Entscheidungsstichwort (Thema)
Zum Eintritt einer inländischen Reederei in einen zwischen einer ausländischen Reederei und einer ausländischen Werft geschlossenen Schiffbauvertrag als Bestellung i.S. des § 4b Abs. 2 Satz 1 InvZulG 1975
Leitsatz (NV)
- Die Zulage nach § 4b InvZulG 1975 sollte kurzfristig und in erster Linie durch Auftragsvergabe des Investors an Dritte eine punktuelle Wirtschaftsbelebung auslösen. Vor diesem Hintergrund muß auch ein Vertragseintritt des Investors bei Anwendung des § 4b InvZulG 1975 anders gesehen werden als bei Zulagengesetzen mit (wenigstens) dreijährigen Verbleibens- und Verwendungsfristen.
- Wenn von einem Vertragsschluß zwischen zwei im Ausland ansässigen Unternehmen im Inland (unmittelbar) keinerlei wirtschaftsbelebende Wirkung ausgeht, kann eine Zulagengewährung aufgrund des Vertragseintritts eines inländischen Unternehmens überhaupt nur gerechtfertigt sein, wenn dieser Eintritt zu einer meßbaren Verstärkung der Wirtschaftstätigkeit im Betrieb des inländischen Unternehmens führt.
- Zwischen der Höhe der Investitionszulage (bezogen auf die an einen ausländischen Schiffbauer bezahlten Anschaffungs- oder Herstellungskosten) und dem Umfang der vom inländischen Besteller in der Zeit nach Fertigstellung des Schiffes ausgehenden wirtschaftlichen Impulse muß ein angemessenes Verhältnis gegeben sein.
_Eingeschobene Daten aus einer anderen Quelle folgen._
(* There exists a strongly hypoenergetic tree of order $n$ with maximum degree $4$ for every $n$ satisfying one of the following: $n\equiv 0 \pmod 4$ and $n\geq 20$; or $n\equiv 2\pmod 4$ and $n\geq 26$; or $n\equiv 3\pmod 4$ and $n\geq 23$.
   Context: All graphs are finite and simple. The energy of a graph $G$ is $E(G)=\sum_{i=1}^n |\lambda_i|$, where $\lambda_1,\dots,\lambda_n$ are the eigenvalues of the adjacency matrix of $G$. A connected graph $G$ with $n$ vertices is called strongly hypoenergetic if $E(G)<n-1$. *)

theory Defs
  imports "Jordan_Normal_Form.Char_Poly" "HOL-Computational_Algebra.Fundamental_Theorem_Algebra"
begin

definition simple_graph :: "nat \<Rightarrow> (nat \<Rightarrow> nat \<Rightarrow> bool) \<Rightarrow> bool" where
  "simple_graph n E \<longleftrightarrow> (\<forall>i j. E i j \<longrightarrow> i < n \<and> j < n \<and> i \<noteq> j \<and> E j i)"

definition graph_connected :: "nat \<Rightarrow> (nat \<Rightarrow> nat \<Rightarrow> bool) \<Rightarrow> bool" where
  "graph_connected n E \<longleftrightarrow> (\<forall>u<n. \<forall>v<n. E\<^sup>*\<^sup>* u v)"

definition is_cycle :: "nat \<Rightarrow> (nat \<Rightarrow> nat \<Rightarrow> bool) \<Rightarrow> nat list \<Rightarrow> bool" where
  "is_cycle n E vs \<longleftrightarrow> length vs \<ge> 3 \<and> distinct vs \<and> set vs \<subseteq> {..<n}
     \<and> (\<forall>i. Suc i < length vs \<longrightarrow> E (vs ! i) (vs ! Suc i)) \<and> E (last vs) (hd vs)"

definition is_tree :: "nat \<Rightarrow> (nat \<Rightarrow> nat \<Rightarrow> bool) \<Rightarrow> bool" where
  "is_tree n E \<longleftrightarrow> simple_graph n E \<and> graph_connected n E \<and> (\<nexists>vs. is_cycle n E vs)"

definition degree_of :: "nat \<Rightarrow> (nat \<Rightarrow> nat \<Rightarrow> bool) \<Rightarrow> nat \<Rightarrow> nat" where
  "degree_of n E v = card {u. u < n \<and> E v u}"

definition max_degree :: "nat \<Rightarrow> (nat \<Rightarrow> nat \<Rightarrow> bool) \<Rightarrow> nat" where
  "max_degree n E = Max (degree_of n E ` {..<n})"

text \<open>Adjacency matrix (over the complex numbers, where its characteristic polynomial splits).\<close>
definition adj_matrix :: "nat \<Rightarrow> (nat \<Rightarrow> nat \<Rightarrow> bool) \<Rightarrow> complex mat" where
  "adj_matrix n E = mat n n (\<lambda>(i, j). if E i j then 1 else 0)"

definition energy :: "nat \<Rightarrow> (nat \<Rightarrow> nat \<Rightarrow> bool) \<Rightarrow> real" where
  "energy n E = sum_mset (image_mset cmod (proots (char_poly (adj_matrix n E))))"

definition strongly_hypoenergetic :: "nat \<Rightarrow> (nat \<Rightarrow> nat \<Rightarrow> bool) \<Rightarrow> bool" where
  "strongly_hypoenergetic n E \<longleftrightarrow> simple_graph n E \<and> graph_connected n E \<and> energy n E < real n - 1"

end

theory Submission
  imports Defs "Jordan_Normal_Form.Schur_Decomposition"
begin
lemma finite_fs_idx [simp]: "finite (fs_idx L)"
proof -
  have "fs_idx L \<subseteq> {0..L} \<times> {- int L..int L}" by (auto simp: fs_idx_def)
  then show ?thesis by (rule finite_subset) auto
qed

lemma mem_fs_idx_iff: "(l, m) \<in> fs_idx L \<longleftrightarrow> l \<le> L \<and> \<bar>m\<bar> \<le> int l"
  by (simp add: fs_idx_def)

lemma fs_supported_fs_xa: "fs_supported L (fs_xa L k a v)"
  by (auto simp: fs_supported_def fs_xa_def fs_x_basis_def)

lemma fs_xa_linear:
  "fs_xa L k a (\<lambda>p. \<alpha> * u p + \<beta> * w p) q = \<alpha> * fs_xa L k a u q + \<beta> * fs_xa L k a w q"
  by (simp add: fs_xa_def sum.distrib sum_distrib_left algebra_simps)

lemma fs_xa_apply:
  assumes "fs_supported L v" and "(l, m) \<in> fs_idx L"
  shows "fs_xa L k a v (l, m) =
      v (l + 1, m - a) * fs_c k (l + 1) * fs_A (l + 1) a (m - a)
    + (if 1 \<le> l then v (l - 1, m - a) * fs_c k l * fs_B (l - 1) a (m - a) else 0)"
proof -
  have "fs_xa L k a v (l, m) = (\<Sum>q\<in>fs_idx L.
      (if q = (l + 1, m - a) then v q * fs_c k (fst q) * fs_A (fst q) a (snd q) else 0)
    + (if 1 \<le> l \<and> q = (l - 1, m - a) then v q * fs_c k (fst q + 1) * fs_B (fst q) a (snd q) else 0))"
    unfolding fs_xa_def
    by (rule sum.cong) (use assms(2) in \<open>auto simp: fs_x_basis_def fs_idx_def\<close>)
  also have "\<dots> = (if (l + 1, m - a) \<in> fs_idx L then v (l + 1, m - a) * fs_c k (l + 1) * fs_A (l + 1) a (m - a) else 0)
     + (if 1 \<le> l \<and> (l - 1, m - a) \<in> fs_idx L then v (l - 1, m - a) * fs_c k l * fs_B (l - 1) a (m - a) else 0)"
    by (cases "1 \<le> l") (simp_all add: sum.distrib sum.delta)
  finally show ?thesis
    using assms(1) unfolding fs_supported_def by auto
qed

lemma sum_123: "(\<Sum>i\<in>{1,2,3::nat}. g i) = g 1 + g 2 + g 3"
  by (simp add: numeral_2_eq_2 numeral_3_eq_3 add.assoc)

text \<open>The terms x_+ x_+ and x_- x_- cancel between x_1^2 and x_2^2.\<close>
lemma fs_x_sq_sum:
  "(\<Sum>i\<in>{1,2,3}. fs_x L k i (fs_x L k i v) p)
     = (fs_xa L k 1 (fs_xa L k (-1) v) p + fs_xa L k (-1) (fs_xa L k 1 v) p) / 2
       + fs_xa L k 0 (fs_xa L k 0 v) p"
proof -
  have x1: "fs_x L k 1 u = (\<lambda>p. 1/2 * fs_xa L k 1 u p + 1/2 * fs_xa L k (-1) u p)" for u
    by (simp add: fs_x_def fun_eq_iff)
  have x2: "fs_x L k 2 u = (\<lambda>p. 1/(2*\<i>) * fs_xa L k 1 u p + (-1/(2*\<i>)) * fs_xa L k (-1) u p)" for u
    by (simp add: fs_x_def fun_eq_iff field_simps)
  have x3: "fs_x L k 3 = fs_xa L k 0"
    by (simp add: fs_x_def fun_eq_iff)
  show ?thesis
    unfolding sum_123 x1 x2 x3 fs_xa_linear by (simp add: field_simps)
qed

lemma fs_A_minus_0: "fs_A n (-1) 0 = - fs_A n 1 0"
  by (simp add: fs_A_def)

lemma fs_A_minus_1: "fs_A n (-1) 1 = - fs_A n 1 (-1)"
  by (simp add: fs_A_def algebra_simps)

lemma fs_A_1_1_0: "fs_A (Suc 0) 1 0 = 0"
  by (simp add: fs_A_def)

lemma fs_A_0_0: "fs_A n 0 0 = sqrt (real n ^ 2 / ((2 * real n + 1) * (2 * real n - 1)))"
  by (simp add: fs_A_def power2_eq_square)

lemma fs_A_1_0: "fs_A n 1 0 = sqrt (real n * (real n - 1) / ((2 * real n - 1) * (2 * real n + 1)))"
  by (simp add: fs_A_def)

lemma fs_A_1_minus_1: "fs_A n 1 (-1) = sqrt ((real n + 1) * real n / ((2 * real n - 1) * (2 * real n + 1)))"
  by (simp add: fs_A_def algebra_simps)

lemma fs_A_hop_cancel: "fs_A n 0 0 * fs_A (Suc n) 0 0 = fs_A n 1 (-1) * fs_A (Suc n) 1 0"
proof -
  have "fs_A n 0 0 * fs_A (Suc n) 0 0 = sqrt (real n ^ 2 / ((2 * real n + 1) * (2 * real n - 1))
          * ((real n + 1) ^ 2 / ((2 * real n + 3) * (2 * real n + 1))))"
    by (simp add: fs_A_0_0 real_sqrt_mult[symmetric] algebra_simps)
  also have "\<dots> = sqrt ((real n + 1) * real n / ((2 * real n - 1) * (2 * real n + 1))
          * ((real n + 1) * real n / ((2 * real n + 1) * (2 * real n + 3))))"
    by (rule arg_cong[where f = sqrt]) (simp add: field_simps power2_eq_square)
  also have "\<dots> = fs_A n 1 (-1) * fs_A (Suc n) 1 0"
    by (simp add: fs_A_1_minus_1 fs_A_1_0 real_sqrt_mult[symmetric] algebra_simps)
  finally show ?thesis .
qed

lemma fs_A_sq_sum_up:
  assumes "1 \<le> n"
  shows "fs_A n 0 0 ^ 2 + fs_A n 1 (-1) ^ 2 = real n / (2 * real n - 1)"
proof -
  have pos: "2 * real n - 1 > 0" using assms by simp
  have "fs_A n 0 0 ^ 2 + fs_A n 1 (-1) ^ 2
      = real n ^ 2 / ((2 * real n + 1) * (2 * real n - 1))
        + (real n + 1) * real n / ((2 * real n - 1) * (2 * real n + 1))"
    unfolding fs_A_0_0 fs_A_1_minus_1 using pos by (simp add: real_sqrt_pow2)
  also have "\<dots> = real n / (2 * real n - 1)"
    using pos by (simp add: divide_simps) (simp add: algebra_simps power2_eq_square)
  finally show ?thesis .
qed

lemma fs_A_sq_sum_down:
  assumes "1 \<le> n"
  shows "fs_A n 0 0 ^ 2 + fs_A n 1 0 ^ 2 = real n / (2 * real n + 1)"
proof -
  have pos: "2 * real n - 1 > 0" and "real n - 1 \<ge> 0" using assms by auto
  then have "fs_A n 0 0 ^ 2 + fs_A n 1 0 ^ 2
      = real n ^ 2 / ((2 * real n + 1) * (2 * real n - 1))
        + real n * (real n - 1) / ((2 * real n - 1) * (2 * real n + 1))"
    unfolding fs_A_0_0 fs_A_1_0 by (simp add: real_sqrt_pow2)
  also have "\<dots> = real n / (2 * real n + 1)"
    using pos by (simp add: divide_simps) (simp add: algebra_simps power2_eq_square)
  finally show ?thesis .
qed
(* Let $X=(x_1,\dots,x_k)$ be a composition of a positive integer $n$, and let $\ell\ge2$. The set of Dyck words of semilength $n$ with free composition $X$ and exactly $\ell$ hits is in bijection with the set of Motzkin paths of length $k-1$ having exactly $\ell-2$ flat steps at height zero.
   Context: A Dyck word of semilength $n$ is a word with $n$ zeros and $n$ ones in which every prefix has at least as many zeros as ones; it has a hit at position $2j$ ($0\le j\le n$) if its prefix of length $2j$ has exactly $j$ zeros and $j$ ones (positions $0$ and $2n$ included). Indices $i,i+1$ are linked if the $i$-th and $(i+1)$-st $0$ occupy adjacent positions and the $i$-th and $(i+1)$-st $1$ occupy adjacent positions; free blocks are maximal intervals of $\{1,\dots,n\}$ of linked consecutive indices, and the free composition lists their sizes from left to right. A Motzkin path of length $k$ is a lattice path from $(0,0)$ to $(k,0)$ with steps $(1,1)$, $(1,-1)$, $(1,0)$ (flat steps) never going below the $x$-axis; a flat step is at height zero if it lies on the $x$-axis. *)

theory Defs
  imports Main
begin

text \<open>Words are lists over the letters 0 and 1 (type nat); positions are 1-based.\<close>

definition cnt :: "nat \<Rightarrow> nat list \<Rightarrow> nat" where
  "cnt a w = length (filter (\<lambda>x. x = a) w)"

definition dyck :: "nat \<Rightarrow> nat list \<Rightarrow> bool" where
  "dyck n w \<longleftrightarrow> set w \<subseteq> {0, 1} \<and> cnt 0 w = n \<and> cnt 1 w = n \<and>
     (\<forall>i \<le> length w. cnt 1 (take i w) \<le> cnt 0 (take i w))"

definition hits :: "nat \<Rightarrow> nat list \<Rightarrow> nat" where
  "hits n w = card {j. j \<le> n \<and> cnt 0 (take (2*j) w) = j \<and> cnt 1 (take (2*j) w) = j}"

text \<open>Position (1-based) of the i-th occurrence (i >= 1) of letter a in w.\<close>
definition pos :: "nat \<Rightarrow> nat list \<Rightarrow> nat \<Rightarrow> nat" where
  "pos a w i = filter (\<lambda>p. w ! (p - 1) = a) [1..<length w + 1] ! (i - 1)"

definition linked :: "nat list \<Rightarrow> nat \<Rightarrow> bool" where
  "linked w i \<longleftrightarrow> pos 0 w (i+1) = pos 0 w i + 1 \<and> pos 1 w (i+1) = pos 1 w i + 1"

definition diffs :: "nat list \<Rightarrow> nat list" where
  "diffs xs = map (\<lambda>(a, b). b - a) (zip xs (tl xs))"

text \<open>Free composition of a Dyck word of semilength n: sizes of the maximal blocks of
  {1..n} of consecutively linked indices, left to right.\<close>
definition free_comp :: "nat \<Rightarrow> nat list \<Rightarrow> nat list" where
  "free_comp n w = diffs (0 # filter (\<lambda>i. \<not> linked w i) [1..<n] @ [n])"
- Die Frage, ob der Eintritt einer inländischen Reederei in einen bereits im Jahre 1973 zwischen einer ausländischen Reederei und einer ausländischen Werft geschlossenen Schiffbauvertrag am 21. Juni 1975 als Bestellung innerhalb des Begünstigungszeitraumes (1. Dezember 1974 bis 30. Juni 1975) i.S. des § 4b Abs. 2 Satz 1 InvZulG 1975 anzusehen ist, betrifft ausgelaufenes Recht und hat keine grundsätzliche Bedeutung i.S. des § 115 Abs. 2 Nr. 1 FGO.
- Für das Vorliegen einer Divergenz ist stets der Stand der Rechtsprechung im Zeitpunkt der Entscheidung über die Zulassung maßgebend.
- Mit der Rüge, das FG habe bestimmte Umstände (hier die Folgerungen des späteren Einsatzes des Schiffes ―in Form der Personalmehrung―) ohne ausreichende Tatsachenfeststellungen als "marginal" gewertet, wird ein materiell-rechtlicher Mangel des Urteils und nicht ein Verfahrensfehler i.S. des § 115 Abs. 2 Nr. 3 FGO geltend gemacht.
Normenkette
InvZulG 1975 § 4b Abs. 2 S. 1; FGO § 115 Abs. 2 Nrn. 1-3, Abs. 3 S. 3
Gründe
Die Beschwerde, die die Kläger und Beschwerdeführer (Kläger) auf die grundsätzliche Bedeutung der Rechtssache, auf Divergenz sowie auf Verfahrensmängel gestützt haben, ist jedenfalls unbegründet.
1. Zur grundsätzlichen Bedeutung der Rechtssache
Die von den Klägern aufgeworfenen Rechtsfragen bedürfen ―soweit ihre Klärungsbedürftigkeit überhaupt ausreichend i.S. von § 115 Abs. 3 Satz 3 der Finanzgerichtsordnung (FGO) dargelegt worden ist― keiner Klärung in einem sich anschließenden Revisionsverfahren. Sie betreffen entweder ausgelaufenes Recht oder lassen sich unschwer anhand des Gesetzes und der dazu ergangenen bisherigen Rechtsprechung beantworten (s. hierzu z.B. die Senatsbeschlüsse vom 16. Juli 1997 III B 79/94, BFH/NV 1998, 82, und vom 30. Oktober 1997 III B 123/94, BFH/NV 1998, 623).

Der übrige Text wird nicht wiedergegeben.